lemma test_fun_tensor_prod:
  assumes g: "tensor_test g R"
  shows "test_fun (tensor_prod g)"
  unfolding test_fun_def
proof
  show "smooth_fun (tensor_prod g)"
    by (rule smooth_fun_tensor_sums) (rule tensor_sums.tensor_prod, rule tensor_testD(1)[OF g])
  have "{x. tensor_prod g x \<noteq> 0} \<subseteq> cbox (- R *\<^sub>R One) (R *\<^sub>R One)"
  proof
    fix x assume "x \<in> {x. tensor_prod g x \<noteq> 0}"
    then have "\<forall>c\<in>Basis. g c (x \<bullet> c) \<noteq> 0" by (auto simp: tensor_prod_def prod_zero_iff)
    then have "\<forall>c\<in>Basis. \<bar>x \<bullet> c\<bar> < R" using tensor_testD(2)[OF g] by force
    then show "x \<in> cbox (- R *\<^sub>R One) (R *\<^sub>R One)" by (auto simp: mem_box abs_less_iff)
  qed
  then show "compact (closure {x. tensor_prod g x \<noteq> 0})"
    unfolding compact_closure by (rule bounded_subset[OF bounded_cbox])
qed

lemma smooth_fun_iter_deriv_differentiable:
  "smooth_fun f \<Longrightarrow> iter_deriv ds f differentiable (at x)"
  unfolding smooth_fun_def by blast

lemma smooth_fun_continuous: "smooth_fun f \<Longrightarrow> continuous_on UNIV f"
  using smooth_fun_iter_deriv_differentiable[of f "[]"]
  by (simp add: continuous_at_imp_continuous_on differentiable_imp_continuous_within)

lemma smooth_fun_frechet_derivative:
  assumes "smooth_fun f"
  shows "smooth_fun (\<lambda>x. frechet_derivative f (at x) b)"
proof -
  have "iter_deriv (ds @ [b]) f = iter_deriv ds (\<lambda>x. frechet_derivative f (at x) b)" for ds
    by (induction ds) auto
  then show ?thesis
    using smooth_fun_iter_deriv_differentiable[OF assms] unfolding smooth_fun_def by metis
qed

lemma test_fun_continuous: "test_fun \<phi> \<Longrightarrow> continuous_on UNIV \<phi>"
  unfolding test_fun_def using smooth_fun_continuous by blast

lemma test_fun_frechet_derivative_continuous:
  "test_fun \<phi> \<Longrightarrow> continuous_on UNIV (\<lambda>x. frechet_derivative \<phi> (at x) b)"
  unfolding test_fun_def using smooth_fun_continuous smooth_fun_frechet_derivative by blast

lemma iter_deriv_dilate:
  assumes "smooth_fun f"
  shows "iter_deriv ds (\<lambda>x. f (s *\<^sub>R x)) = (\<lambda>x. s ^ length ds * iter_deriv ds f (s *\<^sub>R x))"
proof (induction ds)
  case Nil then show ?case by simp
next
  case (Cons d ds)
  let ?h = "iter_deriv ds f"
  have "frechet_derivative (\<lambda>y. s ^ length ds * ?h (s *\<^sub>R y)) (at x) d
        = s ^ length (d # ds) * frechet_derivative ?h (at (s *\<^sub>R x)) d" for x
  proof -
    let ?h' = "frechet_derivative ?h (at (s *\<^sub>R x))"
    have hd: "(?h has_derivative ?h') (at (s *\<^sub>R x))"
      using smooth_fun_iter_deriv_differentiable[OF assms] frechet_derivative_works by blast
    have sd: "((\<lambda>y. s *\<^sub>R y) has_derivative (\<lambda>y. s *\<^sub>R y)) (at x)"
      by (intro derivative_eq_intros) auto
    have "((\<lambda>y. s ^ length ds * ?h (s *\<^sub>R y)) has_derivative (\<lambda>v. s ^ length ds * ?h' (s *\<^sub>R v))) (at x)"
      using has_derivative_mult_right[OF diff_chain_at[OF sd hd]] by (simp add: o_def)
    then have "frechet_derivative (\<lambda>y. s ^ length ds * ?h (s *\<^sub>R y)) (at x)
        = (\<lambda>v. s ^ length ds * ?h' (s *\<^sub>R v))"
      by (rule frechet_derivative_at[symmetric])
    moreover have "?h' (s *\<^sub>R d) = s * ?h' d"
      using linear_frechet_derivative[OF smooth_fun_iter_deriv_differentiable[OF assms]]
      by (simp add: linear_scale)
    ultimately show ?thesis by simp
  qed
  then show ?case by (simp add: Cons.IH fun_eq_iff)
qed
lemma measurable_noise_comb [measurable]:
  "(\<lambda>\<omega>. noise_comb T b \<omega> l) \<in> borel_measurable (fwd_space p d T)"
  unfolding noise_comb_def
  by (intro borel_measurable_sum borel_measurable_times measurable_fwd_space_noise) auto

lemma nn_integral_fwd_space_exp_inner_noise_comb:
  assumes p: "prob_space p"
  shows "(\<integral>\<^sup>+\<omega>. ennreal (exp (\<Sum>l<d. u l * noise_comb T b \<omega> l)) \<partial>fwd_space p d T)
       = ennreal (exp ((\<Sum>s\<in>{1..T}. (b s)\<^sup>2) * (\<Sum>l<d. (u l)\<^sup>2) / 2))"
proof -
  define M where "M = (\<lambda>i::nat. if i = 0 then p else std_gauss d)"
  interpret product_sigma_finite M
    unfolding product_sigma_finite_def M_def
    using prob_space_imp_sigma_finite[OF p] prob_space_imp_sigma_finite[OF prob_space_std_gauss]
    by simp
  define g where "g = (\<lambda>s (w::nat \<Rightarrow> real).
    if s = 0 then (1::ennreal) else ennreal (exp (\<Sum>l<d. (b s * u l) * w l)))"
  have 0: "{0..T} = insert 0 {1..T}" by auto
  have factor: "ennreal (exp (\<Sum>l<d. u l * noise_comb T b \<omega> l)) = (\<Prod>s\<in>{0..T}. g s (\<omega> s))" for \<omega>
  proof -
    have "(\<Sum>l<d. u l * noise_comb T b \<omega> l) = (\<Sum>s\<in>{1..T}. \<Sum>l<d. (b s * u l) * \<omega> s l)"
      unfolding noise_comb_def by (simp add: sum_distrib_left algebra_simps) (rule sum.swap)
    then show ?thesis
      by (simp add: 0 exp_sum g_def prod_ennreal prod_nonneg)
  qed
  have "(\<integral>\<^sup>+\<omega>. ennreal (exp (\<Sum>l<d. u l * noise_comb T b \<omega> l)) \<partial>fwd_space p d T)
      = (\<integral>\<^sup>+\<omega>. (\<Prod>s\<in>{0..T}. g s (\<omega> s)) \<partial>Pi\<^sub>M {0..T} M)"
    unfolding factor fwd_space_def M_def ..
  also have "\<dots> = (\<Prod>s\<in>{0..T}. integral\<^sup>N (M s) (g s))"
  proof (rule product_nn_integral_prod)
    show "g s \<in> borel_measurable (M s)" for s
      by (cases "s = 0") (auto simp: g_def M_def std_gauss_def)
  qed auto
  also have "\<dots> = (\<Prod>s\<in>{1..T}. ennreal (exp ((\<Sum>l<d. (b s * u l)\<^sup>2) / 2)))"
    using prob_space.emeasure_space_1[OF p]
    by (simp add: 0 M_def g_def nn_integral_std_gauss_exp_inner)
  also have "\<dots> = ennreal (exp ((\<Sum>s\<in>{1..T}. (b s)\<^sup>2) * (\<Sum>l<d. (u l)\<^sup>2) / 2))"
    by (simp add: prod_ennreal exp_sum[symmetric] sum_divide_distrib[symmetric] sum_distrib_left
          sum_distrib_right power_mult_distrib) (rule sum.swap)
  finally show ?thesis .
qed

text \<open>Averaging over an independent standard Gaussian \<open>z\<close> linearises the exponent,
  \<open>exp (l |Y|\<^sup>2) = E\<^sub>z exp (sqrt (2 l) z \<bullet> Y)\<close>; after Fubini the inner expectation over \<open>\<omega>\<close>
  is a linear MGF, which leaves the MGF of \<open>|z|\<^sup>2\<close>.\<close>

lemma nn_integral_fwd_space_exp_norm_sq_noise_comb:
  assumes p: "prob_space p" and b: "(\<Sum>s\<in>{1..T}. (b s)\<^sup>2) = 1" and l: "0 \<le> l" "l < 1/2"
  shows "(\<integral>\<^sup>+\<omega>. ennreal (exp (l * (\<Sum>i<d. (noise_comb T b \<omega> i)\<^sup>2))) \<partial>fwd_space p d T)
       = ennreal ((1 / sqrt (1 - 2 * l)) ^ d)"
proof -
  let ?O = "fwd_space p d T" and ?G = "std_gauss d"
  let ?F = "\<lambda>\<omega> z. ennreal (exp (\<Sum>i<d. (sqrt (2 * l) * z i) * noise_comb T b \<omega> i))"
  interpret pair_sigma_finite ?O ?G
    unfolding pair_sigma_finite_def
    using prob_space_imp_sigma_finite[OF prob_space_fwd_space[OF p]]
      prob_space_imp_sigma_finite[OF prob_space_std_gauss] by simp
  have average: "ennreal (exp (l * (\<Sum>i<d. (noise_comb T b \<omega> i)\<^sup>2))) = (\<integral>\<^sup>+z. ?F \<omega> z \<partial>?G)"
    for \<omega>
  proof -
    have "(\<integral>\<^sup>+z. ?F \<omega> z \<partial>?G)
        = (\<integral>\<^sup>+z. ennreal (exp (\<Sum>i<d. (sqrt (2 * l) * noise_comb T b \<omega> i) * z i)) \<partial>?G)"
      by (simp add: algebra_simps)
    also have "\<dots> = ennreal (exp ((\<Sum>i<d. (sqrt (2 * l) * noise_comb T b \<omega> i)\<^sup>2) / 2))"
      by (rule nn_integral_std_gauss_exp_inner)
    finally show ?thesis
      using l by (simp add: power_mult_distrib sum_distrib_left[symmetric])
  qed
  have "case_prod ?F \<in> borel_measurable (?O \<Otimes>\<^sub>M ?G)"
    using measurable_std_gauss_component[of _ d] by (simp add: case_prod_beta') measurable
  then have "(\<integral>\<^sup>+\<omega>. (\<integral>\<^sup>+z. ?F \<omega> z \<partial>?G) \<partial>?O) = (\<integral>\<^sup>+z. (\<integral>\<^sup>+\<omega>. ?F \<omega> z \<partial>?O) \<partial>?G)"
    by (rule Fubini'[symmetric])
  also have "\<dots> = (\<integral>\<^sup>+z. ennreal (exp (l * (\<Sum>i<d. (z i)\<^sup>2))) \<partial>?G)"
    using l b
    by (intro nn_integral_cong)
      (simp add: nn_integral_fwd_space_exp_inner_noise_comb[OF p] power_mult_distrib
        sum_distrib_left[symmetric])
  also have "\<dots> = ennreal ((1 / sqrt (1 - 2 * l)) ^ d)"
    by (rule nn_integral_std_gauss_exp_norm_sq[OF l])
  finally show ?thesis
    by (simp only: average)
qed

lemma emeasure_fwd_space_initial:
  assumes p: "prob_space p" and A: "A \<in> sets p"
  shows "emeasure (fwd_space p d T) {\<omega> \<in> space (fwd_space p d T). \<omega> 0 \<in> A} = emeasure p A"
proof -
  define M where "M = (\<lambda>i::nat. if i = 0 then p else std_gauss d)"
  interpret product_sigma_finite M
    unfolding product_sigma_finite_def M_def
    using prob_space_imp_sigma_finite[OF p] prob_space_imp_sigma_finite[OF prob_space_std_gauss]
    by simp
  define X where "X = (\<lambda>i::nat. if i = 0 then A else space (M i))"
  have "{\<omega> \<in> space (fwd_space p d T). \<omega> 0 \<in> A} = PiE {0..T} X"
    using sets.sets_into_space[OF A]
    by (auto simp: fwd_space_def space_PiM M_def X_def PiE_def Pi_def)
  moreover have "emeasure (fwd_space p d T) (PiE {0..T} X) = (\<Prod>i\<in>{0..T}. emeasure (M i) (X i))"
    unfolding fwd_space_def M_def[symmetric] by (rule emeasure_PiM) (auto simp: X_def M_def A)
  moreover have "{0..T} = insert 0 {1..T}" by auto
  ultimately show ?thesis
    using prob_space.emeasure_space_1[OF prob_space_std_gauss] by (simp add: X_def M_def)
qed

section \<open>Gaussian tail bounds\<close>

lemma Chernoff_ineq_nn_integral_space:
  assumes "s > 0" "f \<in> borel_measurable M"
  shows "emeasure M {x \<in> space M. a \<le> f x}
           \<le> ennreal (exp (- s * a)) * (\<integral>\<^sup>+x. ennreal (exp (s * f x)) \<partial>M)"
proof -
  have "(\<integral>\<^sup>+x. ennreal (exp (s * f x)) * indicator (space M) x \<partial>M)
      = (\<integral>\<^sup>+x. ennreal (exp (s * f x)) \<partial>M)"
    by (rule nn_integral_cong) simp
  with Chernoff_ineq_nn_integral_ge[of s "space M" M f a] assms show ?thesis
    by simp
qed

lemma noise_comb_norm_tail:
  assumes p: "prob_space p" and b: "(\<Sum>s\<in>{1..T}. (b s)\<^sup>2) = 1"
    and l: "0 < l" "l < 1/2" and R: "0 \<le> R"
  shows "emeasure (fwd_space p d T)
           {\<omega> \<in> space (fwd_space p d T). R < sqrt (\<Sum>i<d. (noise_comb T b \<omega> i)\<^sup>2)}
         \<le> ennreal (exp (- l * R\<^sup>2) * (1 / sqrt (1 - 2 * l)) ^ d)"
proof -
  let ?O = "fwd_space p d T" and ?S = "\<lambda>\<omega>. \<Sum>i<d. (noise_comb T b \<omega> i)\<^sup>2"
  have "{\<omega> \<in> space ?O. R < sqrt (?S \<omega>)} \<subseteq> {\<omega> \<in> space ?O. R\<^sup>2 \<le> ?S \<omega>}"
  proof safe
    fix \<omega> assume "R < sqrt (?S \<omega>)"
    then have "R\<^sup>2 \<le> (sqrt (?S \<omega>))\<^sup>2"
      using R by (intro power_mono) auto
    then show "R\<^sup>2 \<le> ?S \<omega>"
      by (simp add: sum_nonneg)
  qed
  then have "emeasure ?O {\<omega> \<in> space ?O. R < sqrt (?S \<omega>)} \<le> emeasure ?O {\<omega> \<in> space ?O. R\<^sup>2 \<le> ?S \<omega>}"
    by (rule emeasure_mono) measurable
  also have "\<dots> \<le> ennreal (exp (- l * R\<^sup>2)) * (\<integral>\<^sup>+\<omega>. ennreal (exp (l * ?S \<omega>)) \<partial>?O)"
    using l by (intro Chernoff_ineq_nn_integral_space) auto
  also have "\<dots> = ennreal (exp (- l * R\<^sup>2) * (1 / sqrt (1 - 2 * l)) ^ d)"
    using l by (simp add: nn_integral_fwd_space_exp_norm_sq_noise_comb[OF p b] ennreal_mult)
  finally show ?thesis .
qed
text \<open>The coefficients of prod_i 1 / (1 - x_i X) are the complete homogeneous polynomials
  h_r(x), and h_r(x) <= (sum_i x_i)^r for nonnegative x_i.\<close>
lemma tail_fps_nth_le: "tail_fps N n $ r \<le> tail_weight N n ^ r"
proof (induction n arbitrary: r)
  case (Suc n)
  define x where "x = 1 / real (N - n)"
  have x: "0 \<le> x" by (simp add: x_def)
  have "tail_fps N (Suc n) $ r = (\<Sum>i = 0..r. tail_fps N n $ i * x ^ (r - i))"
    by (simp add: tail_fps_def fps_mult_nth x_def)
  also have "\<dots> \<le> (\<Sum>i = 0..r. of_nat (r choose i) * tail_weight N n ^ i * x ^ (r - i))"
  proof (rule sum_mono)
    fix i assume "i \<in> {0..r}"
    then have "1 \<le> real (r choose i)"
      by (simp add: Suc_leI zero_less_binomial)
    then have "tail_weight N n ^ i * x ^ (r - i) \<le> of_nat (r choose i) * (tail_weight N n ^ i * x ^ (r - i))"
      using mult_right_mono[of 1 "real (r choose i)" "tail_weight N n ^ i * x ^ (r - i)"] tail_weight_nonneg x
      by simp
    moreover have "tail_fps N n $ i * x ^ (r - i) \<le> tail_weight N n ^ i * x ^ (r - i)"
      using Suc.IH[of i] x by (intro mult_right_mono) auto
    ultimately show "tail_fps N n $ i * x ^ (r - i) \<le> of_nat (r choose i) * tail_weight N n ^ i * x ^ (r - i)"
      by (simp add: mult.assoc)
  qed
  also have "\<dots> = tail_weight N (Suc n) ^ r"
    by (simp add: binomial_ring atLeast0AtMost tail_weight_def x_def)
  finally show ?case .
qed (simp add: tail_fps_def tail_weight_def)

lemma tail_weight_le_ratio:
  assumes "n \<le> N"
  shows "tail_weight N n \<le> real n / real (N + 1 - n)"
proof -
  have "tail_weight N n \<le> (\<Sum>i<n. 1 / real (N + 1 - n))"
    unfolding tail_weight_def using assms by (intro sum_mono divide_left_mono) auto
  then show ?thesis by simp
qed

lemma tail_weight_le_harm:
  assumes "n \<le> N"
  shows "tail_weight N n \<le> harm N"
proof -
  have "inj_on (\<lambda>i. N - i) {..<n}"
    using assms by (auto simp: inj_on_def)
  then have "tail_weight N n = (\<Sum>m\<in>(\<lambda>i. N - i) ` {..<n}. inverse (real m))"
    by (simp add: tail_weight_def sum.reindex divide_inverse)
  also have "\<dots> \<le> (\<Sum>m = 1..N. inverse (real m))"
    using assms by (intro sum_mono2) auto
  finally show ?thesis by (simp add: harm_def)
qed

lemma sum_inverse_complementary_products:
  "(\<Sum>n = 1..N. 1 / (real n * real (N + 1 - n))) = 2 * harm N / real (N + 1)"
proof -
  have "(\<Sum>n = 1..N. 1 / (real n * real (N + 1 - n))) =
      (\<Sum>n = 1..N. (1 / real n + 1 / real (N + 1 - n)) / real (N + 1))"
  proof (rule sum.cong[OF refl])
    have partial_fractions: "1 / (a * b) = (1 / a + 1 / b) / (a + b)" if "0 < a" "0 < b" for a b :: real
      using that by (simp add: add_frac_eq add.commute)
    fix n assume "n \<in> {1..N}"
    then have "real (N + 1) = real n + real (N + 1 - n)" "0 < real n" "0 < real (N + 1 - n)"
      by simp_all
    then show "1 / (real n * real (N + 1 - n)) = (1 / real n + 1 / real (N + 1 - n)) / real (N + 1)"
      using partial_fractions by presburger
  qed
  also have "\<dots> = ((\<Sum>n = 1..N. 1 / real n) + (\<Sum>n = 1..N. 1 / real (N + 1 - n))) / real (N + 1)"
    by (simp only: sum.distrib[symmetric] sum_divide_distrib)
  also have "(\<Sum>n = 1..N. 1 / real (N + 1 - n)) = (\<Sum>n = 1..N. 1 / real n)"
    by (subst sum.atLeastAtMost_rev) simp
  finally show ?thesis
    by (simp add: harm_def divide_inverse)
qed

lemma harm_le_1_plus_ln: "1 \<le> N \<Longrightarrow> harm N \<le> 1 + ln (real N)"
  using euler_mascheroni_sequence_decreasing[of 1 N] by (simp add: harm_def)

context
  fixes t :: real
  assumes t: "0 \<le> t" "t \<le> 1"
begin

lemma coeff_error_summand_le:
  assumes "1 \<le> k" "1 \<le> n" "n \<le> N"
  shows "(\<Sum>i<l. head_fps t n $ i * tail_fps N n $ (l - i)) / real n ^ k \<le>
           real l * ((1 + harm N) ^ l) ^ 2 / (real n * real (N + 1 - n))"
proof -
  define B :: real where "B = (1 + harm N) ^ l"
  have B: "0 \<le> B"
    by (simp add: B_def harm_nonneg)
  have harm_power_le: "harm N ^ r \<le> B" if "r \<le> l" for r
  proof -
    have "harm N ^ r \<le> (1 + harm N :: real) ^ r"
      by (intro power_mono) (simp_all add: harm_nonneg)
    also have "\<dots> \<le> B"
      unfolding B_def using that by (intro power_increasing) (simp_all add: harm_nonneg)
    finally show ?thesis .
  qed
  have term_le: "head_fps t n $ i * tail_fps N n $ (l - i) \<le> B / real n * (real n / real (N + 1 - n) * B)"
    if i: "i < l" for i
  proof (rule mult_mono)
    show "head_fps t n $ i \<le> B / real n"
      unfolding B_def using t assms i by (intro head_fps_nth_le) auto
    have "tail_weight N n ^ (l - i - 1) \<le> B"
      using power_mono[OF tail_weight_le_harm[OF assms(3)] tail_weight_nonneg, of "l - i - 1"]
        harm_power_le[of "l - i - 1"] by linarith
    then have "tail_weight N n * tail_weight N n ^ (l - i - 1) \<le> real n / real (N + 1 - n) * B"
      by (rule mult_mono[OF tail_weight_le_ratio[OF assms(3)]]) (simp_all add: tail_weight_nonneg)
    moreover have "tail_fps N n $ (l - i) \<le> tail_weight N n * tail_weight N n ^ (l - i - 1)"
      using tail_fps_nth_le[of N n "l - i"] i by (simp add: Suc_diff_Suc flip: power_Suc)
    ultimately show "tail_fps N n $ (l - i) \<le> real n / real (N + 1 - n) * B"
      by (rule order_trans[rotated])
  qed (simp_all add: B tail_fps_nth_nonneg)
  have "(\<Sum>i<l. head_fps t n $ i * tail_fps N n $ (l - i)) \<le>
      (\<Sum>i<l. B / real n * (real n / real (N + 1 - n) * B))"
    by (rule sum_mono) (rule term_le, simp)
  also have "\<dots> = real l * (B ^ 2 / real (N + 1 - n))"
    using assms by (simp add: power2_eq_square)
  finally have sum_le: "(\<Sum>i<l. head_fps t n $ i * tail_fps N n $ (l - i)) \<le> real l * (B ^ 2 / real (N + 1 - n))" .
  have "(\<Sum>i<l. head_fps t n $ i * tail_fps N n $ (l - i)) / real n ^ k \<le>
      (\<Sum>i<l. head_fps t n $ i * tail_fps N n $ (l - i)) / real n"
    using assms t power_increasing[of 1 k "real n"]
    by (intro divide_left_mono sum_nonneg mult_nonneg_nonneg head_fps_nth_nonneg tail_fps_nth_nonneg) auto
  also have "\<dots> \<le> real l * (B ^ 2 / real (N + 1 - n)) / real n"
    using sum_le by (rule divide_right_mono) simp
  finally show ?thesis
    by (simp add: B_def mult.commute)
qed

lemma coeff_error_nonneg: "0 \<le> coeff_error t N k l"
  unfolding coeff_error_def using t
  by (intro sum_nonneg divide_nonneg_nonneg mult_nonneg_nonneg head_fps_nth_nonneg tail_fps_nth_nonneg) auto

Try it. The answer is the run of lines above from the line containing "with Chernoff_ineq_nn_integral_ge[of s" through the line containing "by (simp add: Suc_leI", copied exactly and alone.

Task output.
  with Chernoff_ineq_nn_integral_ge[of s "space M" M f a] assms show ?thesis
    by simp
qed

lemma noise_comb_norm_tail:
  assumes p: "prob_space p" and b: "(\<Sum>s\<in>{1..T}. (b s)\<^sup>2) = 1"
    and l: "0 < l" "l < 1/2" and R: "0 \<le> R"
  shows "emeasure (fwd_space p d T)
           {\<omega> \<in> space (fwd_space p d T). R < sqrt (\<Sum>i<d. (noise_comb T b \<omega> i)\<^sup>2)}
         \<le> ennreal (exp (- l * R\<^sup>2) * (1 / sqrt (1 - 2 * l)) ^ d)"
proof -
  let ?O = "fwd_space p d T" and ?S = "\<lambda>\<omega>. \<Sum>i<d. (noise_comb T b \<omega> i)\<^sup>2"
  have "{\<omega> \<in> space ?O. R < sqrt (?S \<omega>)} \<subseteq> {\<omega> \<in> space ?O. R\<^sup>2 \<le> ?S \<omega>}"
  proof safe
    fix \<omega> assume "R < sqrt (?S \<omega>)"
    then have "R\<^sup>2 \<le> (sqrt (?S \<omega>))\<^sup>2"
      using R by (intro power_mono) auto
    then show "R\<^sup>2 \<le> ?S \<omega>"
      by (simp add: sum_nonneg)
  qed
  then have "emeasure ?O {\<omega> \<in> space ?O. R < sqrt (?S \<omega>)} \<le> emeasure ?O {\<omega> \<in> space ?O. R\<^sup>2 \<le> ?S \<omega>}"
    by (rule emeasure_mono) measurable
  also have "\<dots> \<le> ennreal (exp (- l * R\<^sup>2)) * (\<integral>\<^sup>+\<omega>. ennreal (exp (l * ?S \<omega>)) \<partial>?O)"
    using l by (intro Chernoff_ineq_nn_integral_space) auto
  also have "\<dots> = ennreal (exp (- l * R\<^sup>2) * (1 / sqrt (1 - 2 * l)) ^ d)"
    using l by (simp add: nn_integral_fwd_space_exp_norm_sq_noise_comb[OF p b] ennreal_mult)
  finally show ?thesis .
qed
text \<open>The coefficients of prod_i 1 / (1 - x_i X) are the complete homogeneous polynomials
  h_r(x), and h_r(x) <= (sum_i x_i)^r for nonnegative x_i.\<close>
lemma tail_fps_nth_le: "tail_fps N n $ r \<le> tail_weight N n ^ r"
proof (induction n arbitrary: r)
  case (Suc n)
  define x where "x = 1 / real (N - n)"
  have x: "0 \<le> x" by (simp add: x_def)
  have "tail_fps N (Suc n) $ r = (\<Sum>i = 0..r. tail_fps N n $ i * x ^ (r - i))"
    by (simp add: tail_fps_def fps_mult_nth x_def)
  also have "\<dots> \<le> (\<Sum>i = 0..r. of_nat (r choose i) * tail_weight N n ^ i * x ^ (r - i))"
  proof (rule sum_mono)
    fix i assume "i \<in> {0..r}"
    then have "1 \<le> real (r choose i)"
      by (simp add: Suc_leI zero_less_binomial)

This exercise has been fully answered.